Mrs. Finley opened her mouth to say something else, Mia did not want to hear anymore. She had had enough. She turned around and walked away, slowly, unsteadily, with her head hung in shame and dejection. When she reached the end of the hallway to her room--thank goodness their house was one story--she shut the door.
For what felt like eternity, she just stood there frozen. The only thought that played over and over in her head was “it’s not fair.” And it wasn’t. How could it be?
With a despairing sigh, she sank onto her bed mattress, then bending over, she unlaced her ballet slippers. As she held them in her hands, the scene began to play over in her head. The darkness of the street as she and Mrs. Finley were driving home. Then the sudden blinding light, and the blaring noise. The deafening crash right before the utter blackness.

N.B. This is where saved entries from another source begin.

lemma pool_fun_upd:
  assumes "i \<in> {1..n}"
  shows "pool n (\<rho>s(i := \<sigma>)) s = pool n \<rho>s s + (\<sigma> s - \<rho>s i s) / real n"
proof -
  have "(\<Sum>j\<in>{1..n}. (\<rho>s(i := \<sigma>)) j s) = \<sigma> s + (\<Sum>j\<in>{1..n}-{i}. \<rho>s j s)"
    using assms by (subst sum.remove[of _ i]) auto
  also have "\<dots> = \<sigma> s - \<rho>s i s + (\<Sum>j\<in>{1..n}. \<rho>s j s)"
    using assms by (subst (2) sum.remove[of _ i]) auto
  finally have "(\<Sum>j\<in>{1..n}. (\<rho>s(i := \<sigma>)) j s) = \<sigma> s - \<rho>s i s + (\<Sum>j\<in>{1..n}. \<rho>s j s)" .
  then show ?thesis
    unfolding pool_def by (simp only:) (simp add: field_split_simps)
qed

lemma pool_ge:
  assumes "i \<in> {1..n}" "\<forall>j\<in>{1..n}. \<rho>s j \<in> distr_set"
  shows "\<rho>s i s / real n \<le> pool n \<rho>s s"
proof -
  have "\<rho>s i s \<le> (\<Sum>j\<in>{1..n}. \<rho>s j s)"
    using assms by (intro member_le_sum) (auto simp: distr_set_def)
  then show ?thesis
    unfolding pool_def by (simp add: divide_right_mono)
qed

lemma pool_in_distr_set:
  assumes "1 \<le> n" "\<forall>j\<in>{1..n}. \<rho>s j \<in> distr_set"
  shows "pool n \<rho>s \<in> distr_set"
proof -
  have "(\<Sum>s\<in>UNIV. \<Sum>j\<in>{1..n}. \<rho>s j s) = (\<Sum>j\<in>{1..n}. \<Sum>s\<in>UNIV. \<rho>s j s)"
    by (rule sum.swap)
  also have "\<dots> = real n"
    using assms(2) by (simp add: distr_set_def)
  finally show ?thesis
    using assms unfolding distr_set_def pool_def
    by (auto simp: sum_divide_distrib[symmetric] intro!: sum_nonneg divide_nonneg_nonneg)
qed

lemma has_real_derivative_sum_ln_line:
  assumes "\<And>s. s \<in> A \<Longrightarrow> q s \<noteq> 0 \<Longrightarrow> 0 < r s"
  shows "((\<lambda>h. \<Sum>s\<in>A. q s * ln (r s + h * c s)) has_real_derivative (\<Sum>s\<in>A. q s * c s / r s)) (at 0)"
proof (rule DERIV_sum)
  fix s assume "s \<in> A"
  with assms show "((\<lambda>h. q s * ln (r s + h * c s)) has_real_derivative q s * c s / r s) (at 0)"
    by (cases "q s = 0") (auto intro!: derivative_eq_intros simp: field_simps)
qed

Mia’s gaze wandered from the pink slippers in her hands down to the place where her prosthetic feet dangled over the side.
It had been five months since she had woken up, very sore, to the beeping and whirring beside her hospital bed. After her eyes had blinked open, the first thing that she had perceived was that she was not in her room. She was not even in her own bed.
Mia had tried to stretch and flex her toes as she had done several times. To her horror, she had found that she could not.
She could not feel her toes. She could not feel her feet. What was going on? And where was her mother?
The doctor had walked in just seconds later after Mia had seen that the place where her feet usually stuck up under the blankets was unoccupied. The doctor came in, a gentle, kind smile on her face.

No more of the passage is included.